**Task instructions**
Write out exactly the lines of the entries below, from the first through the line containing "trans_prob E v vk))", and nothing beyond them.

**Material for this task**

::::

(* Let $D$ be an integral domain and let $M$ be a nonzero $D$-module. Let $N_v=\{f\in D[X]\mid c(f)_v=D\}$. Then $M[X]_{N_v}$ is a DW-module (as a $D[X]_{N_v}$-module), i.e. every nonzero $D[X]_{N_v}$-submodule of $M[X]_{N_v}$ is a $w$-module.
   Context: For an integral domain $A$ with quotient field $K$: $I^{-1}=\{a\in K\mid aI\subseteq A\}$, $I_v=(I^{-1})^{-1}$; $\mathrm{GV}(A)$ is the set of finitely generated ideals $J$ of $A$ with $J_v=A$; for an $A$-module $N$, $N_w=\{x\in N\otimes_A K\mid xJ\subseteq N\text{ for some }J\in\mathrm{GV}(A)\}$, and $N$ is a $w$-module if $N_w=N$. A $w$-module is a DW-module if every nonzero submodule of it is a $w$-module. Here $A=D[X]_{N_v}$. $c(f)$ is the ideal of $D$ generated by the coefficients of $f$; $N_v$ is a multiplicative subset of $D[X]$.
   Formalization: A w-module N over A means: for J in GV(A), xJ = 0 forces x = 0 in N, and every A-linear map J -> N is multiplication by some x in N, in place of $N_w=N$. The statement above fails without it. *)

theory Defs
  imports "HOL-Computational_Algebra.Polynomial" "HOL-Computational_Algebra.Fraction_Field"
begin

definition emb :: "'a::idom \<Rightarrow> 'a fract" where
  "emb x = Fract x 1"
lemma ppr_d_mass_push:
  assumes "finite V" "E \<subseteq> V \<times> V" "0 < \<alpha>" "\<alpha> < 1" "(vk, vk) \<notin> E" "vk \<in> V"
  shows "ppr_d_mass V E \<alpha> (push_residual E \<alpha> r vk) s
       = ppr_d_mass V E \<alpha> r s - \<alpha> * real (outdeg E s) * (if s = vk then 1 else 0) * r vk"
proof -
  have push: "push_residual E \<alpha> r vk v
      = r v + r vk * ((1 - \<alpha>) * trans_prob E v vk) - r vk * (if v = vk then 1 else 0)" for v
    using assms(5) by (auto simp: push_residual_def trans_prob_def)
  have "ppr_d_mass V E \<alpha> (push_residual E \<alpha> r vk) s
     = ppr_d_mass V E \<alpha> r s + r vk * ((1 - \<alpha>) * (\<Sum>v\<in>V. ppr_d E \<alpha> s v * trans_prob E v vk))
       - r vk * (\<Sum>v\<in>V. ppr_d E \<alpha> s v * (if v = vk then 1 else 0))"
    unfolding ppr_d_mass_def push
    by (simp add: algebra_simps sum.distrib sum_subtractf sum_distrib_left)
  also have "(\<Sum>v\<in>V. ppr_d E \<alpha> s v * (if v = vk then 1 else 0)) = ppr_d E \<alpha> s vk"
    using assms(1,6) by (simp add: if_distrib[where f="\<lambda>x. _ * x"] cong: if_cong)
  also note ppr_d_last_step[OF assms(1-4)]
  finally show ?thesis by (simp add: algebra_simps)
qed

lemma sum_ppr_d_mass_push:
  assumes "finite V" "E \<subseteq> V \<times> V" "0 < \<alpha>" "\<alpha> < 1" "(vk, vk) \<notin> E" "vk \<in> V" "finite A"
  shows "(\<Sum>s\<in>A. ppr_d_mass V E \<alpha> (push_residual E \<alpha> r vk) s)
       = (\<Sum>s\<in>A. ppr_d_mass V E \<alpha> r s) - (if vk \<in> A then \<alpha> * real (outdeg E vk) * r vk else 0)"
  unfolding ppr_d_mass_push[OF assms(1-6)] sum_subtractf
  using assms(7)
  by (simp add: if_distrib[where f="\<lambda>x. _ * x"] if_distrib[where f="\<lambda>x. x * _"] cong: if_cong)

definition gbp_invariant :: "'a set \<Rightarrow> ('a \<times> 'a) set \<Rightarrow> 's set \<Rightarrow> ('s \<Rightarrow> 'a set) \<Rightarrow> real \<Rightarrow> 's
    \<Rightarrow> ('s \<Rightarrow> real) \<times> ('a \<Rightarrow> real) \<Rightarrow> bool" where
  "gbp_invariant V E S F \<alpha> j st \<longleftrightarrow> (\<forall>v. 0 \<le> snd st v) \<and>
     (\<forall>i\<in>S. fst st i * real (card (F i)) + (\<Sum>s\<in>F i. ppr_d_mass V E \<alpha> (snd st) s)
            = (\<Sum>s\<in>F i. ppr_d_mass V E \<alpha> (snd (gbp_init F j)) s))"

lemma gbp_invariant_init: "gbp_invariant V E S F \<alpha> j (gbp_init F j)"
  by (auto simp: gbp_invariant_def gbp_init_def)

lemma gbp_invariant_step:
  assumes "graph_ok V E" "super_ok V S F" "0 < \<alpha>" "\<alpha> < 1"
    and step: "gbp_step V E S F \<alpha> rmax st st'" and inv: "gbp_invariant V E S F \<alpha> j st"
  shows "gbp_invariant V E S F \<alpha> j st'"
proof -
  have V: "finite V" "E \<subseteq> V \<times> V" "\<forall>v. (v, v) \<notin> E" using assms(1) by (auto simp: graph_ok_def)
  obtain p r where st: "st = (p, r)" by fastforce
  from step obtain vk where vk: "vk \<in> V"
    and st': "st' = (push_estimate E S F \<alpha> p r vk, push_residual E \<alpha> r vk)"
    unfolding gbp_step_iff_push st by auto
  have r_nonneg: "\<forall>v. 0 \<le> r v" using inv st by (simp add: gbp_invariant_def)
  have "\<forall>v. 0 \<le> push_residual E \<alpha> r vk v"
    using r_nonneg assms(4) by (auto simp: push_residual_def intro!: add_nonneg_nonneg divide_nonneg_nonneg)
  moreover have "push_estimate E S F \<alpha> p r vk i * real (card (F i))
      + (\<Sum>s\<in>F i. ppr_d_mass V E \<alpha> (push_residual E \<alpha> r vk) s)
      = p i * real (card (F i)) + (\<Sum>s\<in>F i. ppr_d_mass V E \<alpha> r s)" if i: "i \<in> S" for i
  proof -
    have Fi: "finite (F i)" "card (F i) \<noteq> 0"
      using assms(2) i V(1) by (auto simp: super_ok_def finite_subset card_eq_0_iff)
    show ?thesis
      unfolding sum_ppr_d_mass_push[OF V(1,2) assms(3,4) V(3)[rule_format] vk Fi(1)] using Fi(2) i
      by (simp add: push_estimate_def field_simps)
  qed
  ultimately show ?thesis using inv unfolding gbp_invariant_def st st' by simp
qed

lemma gbp_total_mass_step:
  assumes "graph_ok V E" "0 < \<alpha>" "\<alpha> < 1"
    and step: "gbp_step V E S F \<alpha> rmax st st'" and r_nonneg: "\<forall>v. 0 \<le> snd st v"
  shows "(\<Sum>u\<in>V. ppr_d_mass V E \<alpha> (snd st') u) \<le> (\<Sum>u\<in>V. ppr_d_mass V E \<alpha> (snd st) u) - \<alpha> * rmax"
proof -
  have V: "finite V" "E \<subseteq> V \<times> V" "\<forall>v. (v, v) \<notin> E" "\<forall>v\<in>V. 1 \<le> outdeg E v"
    using assms(1) by (auto simp: graph_ok_def)
  from step obtain vk where vk: "vk \<in> V" "rmax < snd st vk"
    and r': "snd st' = push_residual E \<alpha> (snd st) vk"
    unfolding gbp_step_iff_push by auto
  have "rmax \<le> real (outdeg E vk) * snd st vk"
    using vk V(4) r_nonneg mult_right_mono[of 1 "real (outdeg E vk)" "snd st vk"] by force
  then have "\<alpha> * rmax \<le> \<alpha> * real (outdeg E vk) * snd st vk"
    using assms(2) by (simp add: mult.assoc)
  then show ?thesis
    unfolding r' using sum_ppr_d_mass_push[OF V(1,2) assms(2,3) _ vk(1) V(1)] V(3) vk(1) by simp
qed
lemma AE_cdf_pos:
  assumes atomless: "\<And>x. measure M {x} = 0"
  shows "AE t in M. 0 < cdf M t"
proof (rule AE_I')
  show "{t. cdf M t \<le> 0} \<in> null_sets M"
    using measure_cdf_le[OF atomless, of 0] by (simp add: null_sets_def emeasure_eq_measure)
qed (auto simp: not_less)

lemma AE_cdf_less_1:
  assumes atomless: "\<And>x. measure M {x} = 0"
  shows "AE t in M. cdf M t < 1"
proof (cases "\<exists>t. 1 \<le> cdf M t")
  case True
  let ?W = "{t. 1 \<le> cdf M t}"
  have "eventually (\<lambda>t. cdf M t < 1) at_bot"
    using cdf_lim_at_bot order_tendstoD(2) by fastforce
  then obtain b where b: "\<And>t. t \<le> b \<Longrightarrow> cdf M t < 1"
    by (auto simp: eventually_at_bot_linorder)
  have bdd: "bdd_below ?W"
    by (rule bdd_belowI[of _ b]) (metis b mem_Collect_eq not_le less_imp_le)
  have "closed ?W"
    using isCont_cdf atomless
    by (intro closed_Collect_le) (auto intro: continuous_at_imp_continuous_on)
  then have W: "1 \<le> cdf M (Inf ?W)"
    using closed_contains_Inf[OF _ bdd] True by auto
  have "AE t in M. t \<noteq> Inf ?W"
    by (rule AE_I'[of "{Inf ?W}"]) (auto simp: null_sets_def emeasure_eq_measure atomless)
  with AE_less_imp_cdf_less[OF atomless, of "Inf ?W"] show ?thesis
  proof eventually_elim
    case (elim t)
    show ?case
    proof (rule ccontr)
      assume "\<not> cdf M t < 1"
      then have "Inf ?W \<le> t"
        using bdd by (auto intro: cInf_lower)
      with elim have "cdf M (Inf ?W) < cdf M t"
        by (auto simp: order_le_less)
      then show False
        using W cdf_bounded_prob[of t] by simp
    qed
  qed
qed (auto simp: not_le)

end

lemma borel_measurable_lborel_nn_integral:
  fixes f :: "'b \<Rightarrow> real \<Rightarrow> ennreal"
  assumes "case_prod f \<in> borel_measurable (N \<Otimes>\<^sub>M borel)"
  shows "(\<lambda>y. \<integral>\<^sup>+ t. f y t \<partial>lborel) \<in> borel_measurable N"
  by (rule lborel.borel_measurable_nn_integral)
     (use assms in \<open>simp add: measurable_cong_sets[OF sets_pair_measure_cong[OF refl sets_lborel] refl]\<close>)
theorem sgda_geometric_drift:
  fixes F :: "'a::euclidean_space \<Rightarrow> 'a" and U :: "'w \<Rightarrow> 'a \<Rightarrow> 'a"
  assumes M: "prob_space M" and noise: "\<And>x. centered_noise M \<sigma> (\<lambda>\<omega>. U \<omega> x)"
    and wqsm: "\<And>x. inner (F x) (x - xs) \<ge> \<mu> * (norm (x - xs))\<^sup>2 - lam"
    and growth: "\<And>x. norm (F x) \<le> B * (1 + norm x)" and \<gamma>: "0 < \<gamma>" "\<gamma> * B\<^sup>2 < \<mu>"
  shows "geometric_drift (sgda_kernel M F U \<gamma>) (\<lambda>x. (norm (x - xs))\<^sup>2 + 1)"
  unfolding sgda_kernel_def[abs_def]
proof (rule geometric_drift_distrI[OF M])
  define \<beta> where "\<beta> = 2 * \<gamma> * (\<mu> - \<gamma> * B\<^sup>2)"
  show "0 < \<beta>"
    using \<gamma> by (simp add: \<beta>_def)
  have "0 \<le> lam"
    using wqsm[of xs] by simp
  then show "0 \<le> \<beta> + 2 * \<gamma> * lam + 2 * \<gamma>\<^sup>2 * B\<^sup>2 * (1 + norm xs)\<^sup>2 + \<gamma>\<^sup>2 * \<sigma>\<^sup>2"
    using \<gamma> \<open>0 < \<beta>\<close> by simp
  fix x
  define a where "a = x - \<gamma> *\<^sub>R F x - xs"
  have "(\<integral>\<^sup>+\<omega>. ennreal ((norm (x - \<gamma> *\<^sub>R (F x + U \<omega> x) - xs))\<^sup>2 + 1) \<partial>M)
      = (\<integral>\<^sup>+\<omega>. ennreal (1 + 1 * (norm (a + (- \<gamma>) *\<^sub>R U \<omega> x))\<^sup>2) \<partial>M)"
    by (simp add: a_def algebra_simps)
  also have "\<dots> \<le> ennreal (1 + 1 * ((norm a)\<^sup>2 + (- \<gamma>)\<^sup>2 * \<sigma>\<^sup>2))"
    by (rule nn_integral_centered_noise_le[OF M noise]) auto
  also have "\<dots> \<le> ennreal ((1 - \<beta>) * ((norm (x - xs))\<^sup>2 + 1)
      + (\<beta> + 2 * \<gamma> * lam + 2 * \<gamma>\<^sup>2 * B\<^sup>2 * (1 + norm xs)\<^sup>2 + \<gamma>\<^sup>2 * \<sigma>\<^sup>2))"
    using sgda_update_sq_dist_le[where F = F, OF wqsm growth less_imp_le[OF \<gamma>(1)]]
    by (intro ennreal_leI) (simp add: a_def \<beta>_def algebra_simps)
  finally show "(\<integral>\<^sup>+\<omega>. ennreal ((norm (x - \<gamma> *\<^sub>R (F x + U \<omega> x) - xs))\<^sup>2 + 1) \<partial>M)
      \<le> ennreal ((1 - \<beta>) * ((norm (x - xs))\<^sup>2 + 1)
        + (\<beta> + 2 * \<gamma> * lam + 2 * \<gamma>\<^sup>2 * B\<^sup>2 * (1 + norm xs)\<^sup>2 + \<gamma>\<^sup>2 * \<sigma>\<^sup>2))" .
qed simp_all
text \<open>The ultrapower of \<open>\<int>\<close> by an ultrafilter is a discretely ordered domain by the usual
Los's argument, and \<open>\<Sigma>\<close> sends \<open>x\<close> to the class of its subset-sum function \<open>f\<^sub>x\<close>. The axioms then
reduce to pointwise facts about \<open>f\<^sub>x\<close>: it is linear in \<open>x\<close>; \<open>f\<^sub>x \<cdot> f\<^sub>y = f\<^sub>z\<close> for the
union-convolution \<open>z\<close>, because the sum of \<open>x\<^sub>\<alpha> y\<^sub>\<beta>\<close> over all pairs \<open>\<alpha>, \<beta> \<subseteq> \<delta>\<close> can be grouped by
\<open>\<alpha> \<union> \<beta>\<close>; every function is some \<open>f\<^sub>x\<close> by Moebius inversion on finite sets; and fineness makes
every "above \<open>\<theta>\<close>" property hold \<open>U\<close>-almost everywhere, which gives (0) and (CA).\<close>

lemma equiv_ultra_rel: "equiv UNIV (ultra_rel U)"
  unfolding equiv_def refl_on_def sym_def trans_def ultra_rel_def
  by (auto elim: eventually_elim2 simp: eq_commute)

lemma uclass_eq_iff: "uclass U f = uclass U g \<longleftrightarrow> eventually (\<lambda>i. f i = g i) U"
  unfolding uclass_def using eq_equiv_class_iff[OF equiv_ultra_rel, of f g]
  by (simp add: ultra_rel_def)

lemma eventually_urep_uclass: "eventually (\<lambda>i. urep (uclass U f) i = f i) U"
proof -
  have "f \<in> uclass U f"
    unfolding uclass_def using equiv_ultra_rel equiv_class_self by fastforce
  hence "urep (uclass U f) \<in> uclass U f"
    unfolding urep_def by (rule someI[of "\<lambda>x. x \<in> uclass U f"])
  thus ?thesis unfolding uclass_def ultra_rel_def by (auto elim: eventually_mono)
qed

lemma carrier_ultrapower_iff: "A \<in> carrier (ultrapower U) \<longleftrightarrow> (\<exists>f. A = uclass U f)"
  unfolding ultrapower_def quotient_def uclass_def by auto

lemma uclass_in_carrier: "uclass U f \<in> carrier (ultrapower U)"
  using carrier_ultrapower_iff by blast

lemma ultrapower_add: "uclass U f \<oplus>\<^bsub>ultrapower U\<^esub> uclass U g = uclass U (\<lambda>i. f i + g i)"
proof -
  have "eventually (\<lambda>i. urep (uclass U f) i + urep (uclass U g) i = f i + g i) U"
    using eventually_urep_uclass[of U f] eventually_urep_uclass[of U g]
    by (auto elim: eventually_elim2)
  thus ?thesis by (simp add: ultrapower_def uclass_eq_iff)
qed

lemma ultrapower_mult: "uclass U f \<otimes>\<^bsub>ultrapower U\<^esub> uclass U g = uclass U (\<lambda>i. f i * g i)"
proof -
  have "eventually (\<lambda>i. urep (uclass U f) i * urep (uclass U g) i = f i * g i) U"
    using eventually_urep_uclass[of U f] eventually_urep_uclass[of U g]
    by (auto elim: eventually_elim2)
  thus ?thesis by (simp add: ultrapower_def uclass_eq_iff)
qed

lemma ultrapower_zero: "\<zero>\<^bsub>ultrapower U\<^esub> = uclass U (\<lambda>_. 0)"
  by (simp add: ultrapower_def)

lemma ultrapower_one: "\<one>\<^bsub>ultrapower U\<^esub> = uclass U (\<lambda>_. 1)"
  by (simp add: ultrapower_def)

lemma ultra_le_uclass_iff:
  "ultra_le U (uclass U f) (uclass U g) \<longleftrightarrow> eventually (\<lambda>i. f i \<le> g i) U"
proof -
  note f = eventually_urep_uclass[of U f] and g = eventually_urep_uclass[of U g]
  show ?thesis unfolding ultra_le_def
  proof
    assume "eventually (\<lambda>i. urep (uclass U f) i \<le> urep (uclass U g) i) U"
    with f g show "eventually (\<lambda>i. f i \<le> g i) U" by eventually_elim auto
  next
    assume "eventually (\<lambda>i. f i \<le> g i) U"
    with f g show "eventually (\<lambda>i. urep (uclass U f) i \<le> urep (uclass U g) i) U"
      by eventually_elim auto
  qed
qed

lemma ultrafilter_not_bot: "is_ultrafilter U \<Longrightarrow> U \<noteq> bot"
  by (simp add: is_ultrafilter_def)

lemma ultrafilter_eventually_not:
  "is_ultrafilter U \<Longrightarrow> \<not> eventually P U \<Longrightarrow> eventually (\<lambda>i. \<not> P i) U"
  by (auto simp: is_ultrafilter_def)

lemma ultrafilter_eventually_const: "is_ultrafilter U \<Longrightarrow> eventually (\<lambda>i. P) U \<longleftrightarrow> P"
  by (cases P) (simp_all add: ultrafilter_not_bot)

lemma domain_ultrapower:
  assumes UF: "is_ultrafilter U"
  shows "domain (ultrapower U)"
proof -
  let ?R = "ultrapower U"
  have "abelian_group ?R"
  proof (rule abelian_groupI)
    fix a assume "a \<in> carrier ?R"
    then obtain f where "a = uclass U f" by (auto simp: carrier_ultrapower_iff)
    thus "\<exists>b\<in>carrier ?R. b \<oplus>\<^bsub>?R\<^esub> a = \<zero>\<^bsub>?R\<^esub>"
      by (intro bexI[of _ "uclass U (\<lambda>i. - f i)"])
        (auto simp: uclass_in_carrier ultrapower_add ultrapower_zero)
  next
    show "\<zero>\<^bsub>?R\<^esub> \<in> carrier ?R" by (simp add: ultrapower_zero uclass_in_carrier)
  qed (auto simp: carrier_ultrapower_iff uclass_in_carrier ultrapower_add ultrapower_zero
      uclass_eq_iff algebra_simps)
  moreover have "comm_monoid ?R"
  proof (rule comm_monoidI)
    show "\<one>\<^bsub>?R\<^esub> \<in> carrier ?R" by (simp add: ultrapower_one uclass_in_carrier)
  qed (auto simp: carrier_ultrapower_iff ultrapower_mult ultrapower_one uclass_eq_iff
      algebra_simps)
  ultimately have "cring ?R"
    by (rule cringI)
      (auto simp: carrier_ultrapower_iff ultrapower_mult ultrapower_add uclass_eq_iff
        algebra_simps)
  moreover have "\<one>\<^bsub>?R\<^esub> \<noteq> \<zero>\<^bsub>?R\<^esub>"
    using ultrafilter_not_bot[OF UF] by (simp add: ultrapower_one ultrapower_zero uclass_eq_iff)
  moreover have "a = \<zero>\<^bsub>?R\<^esub> \<or> b = \<zero>\<^bsub>?R\<^esub>"
    if ab: "a \<otimes>\<^bsub>?R\<^esub> b = \<zero>\<^bsub>?R\<^esub>" "a \<in> carrier ?R" "b \<in> carrier ?R" for a b
  proof -
    obtain f g where fg: "a = uclass U f" "b = uclass U g"
      using ab by (auto simp: carrier_ultrapower_iff)
    with ab have fg_zero: "eventually (\<lambda>i. f i = 0 \<or> g i = 0) U"
      by (simp add: ultrapower_mult ultrapower_zero uclass_eq_iff)
    show ?thesis
    proof (cases "eventually (\<lambda>i. f i = 0) U")
      case False
      from ultrafilter_eventually_not[OF UF False] fg_zero have "eventually (\<lambda>i. g i = 0) U"
        by eventually_elim auto
      thus ?thesis by (simp add: fg ultrapower_zero uclass_eq_iff)
    qed (simp add: fg ultrapower_zero uclass_eq_iff)
  qed
  ultimately show ?thesis
    by (intro domain.intro domain_axioms.intro) auto
qed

::::

**Answer to this task**
(* Let $D$ be an integral domain and let $M$ be a nonzero $D$-module. Let $N_v=\{f\in D[X]\mid c(f)_v=D\}$. Then $M[X]_{N_v}$ is a DW-module (as a $D[X]_{N_v}$-module), i.e. every nonzero $D[X]_{N_v}$-submodule of $M[X]_{N_v}$ is a $w$-module.
   Context: For an integral domain $A$ with quotient field $K$: $I^{-1}=\{a\in K\mid aI\subseteq A\}$, $I_v=(I^{-1})^{-1}$; $\mathrm{GV}(A)$ is the set of finitely generated ideals $J$ of $A$ with $J_v=A$; for an $A$-module $N$, $N_w=\{x\in N\otimes_A K\mid xJ\subseteq N\text{ for some }J\in\mathrm{GV}(A)\}$, and $N$ is a $w$-module if $N_w=N$. A $w$-module is a DW-module if every nonzero submodule of it is a $w$-module. Here $A=D[X]_{N_v}$. $c(f)$ is the ideal of $D$ generated by the coefficients of $f$; $N_v$ is a multiplicative subset of $D[X]$.
   Formalization: A w-module N over A means: for J in GV(A), xJ = 0 forces x = 0 in N, and every A-linear map J -> N is multiplication by some x in N, in place of $N_w=N$. The statement above fails without it. *)

theory Defs
  imports "HOL-Computational_Algebra.Polynomial" "HOL-Computational_Algebra.Fraction_Field"
begin

definition emb :: "'a::idom \<Rightarrow> 'a fract" where
  "emb x = Fract x 1"
lemma ppr_d_mass_push:
  assumes "finite V" "E \<subseteq> V \<times> V" "0 < \<alpha>" "\<alpha> < 1" "(vk, vk) \<notin> E" "vk \<in> V"
  shows "ppr_d_mass V E \<alpha> (push_residual E \<alpha> r vk) s
       = ppr_d_mass V E \<alpha> r s - \<alpha> * real (outdeg E s) * (if s = vk then 1 else 0) * r vk"
proof -
  have push: "push_residual E \<alpha> r vk v
      = r v + r vk * ((1 - \<alpha>) * trans_prob E v vk) - r vk * (if v = vk then 1 else 0)" for v
    using assms(5) by (auto simp: push_residual_def trans_prob_def)
  have "ppr_d_mass V E \<alpha> (push_residual E \<alpha> r vk) s
     = ppr_d_mass V E \<alpha> r s + r vk * ((1 - \<alpha>) * (\<Sum>v\<in>V. ppr_d E \<alpha> s v * trans_prob E v vk))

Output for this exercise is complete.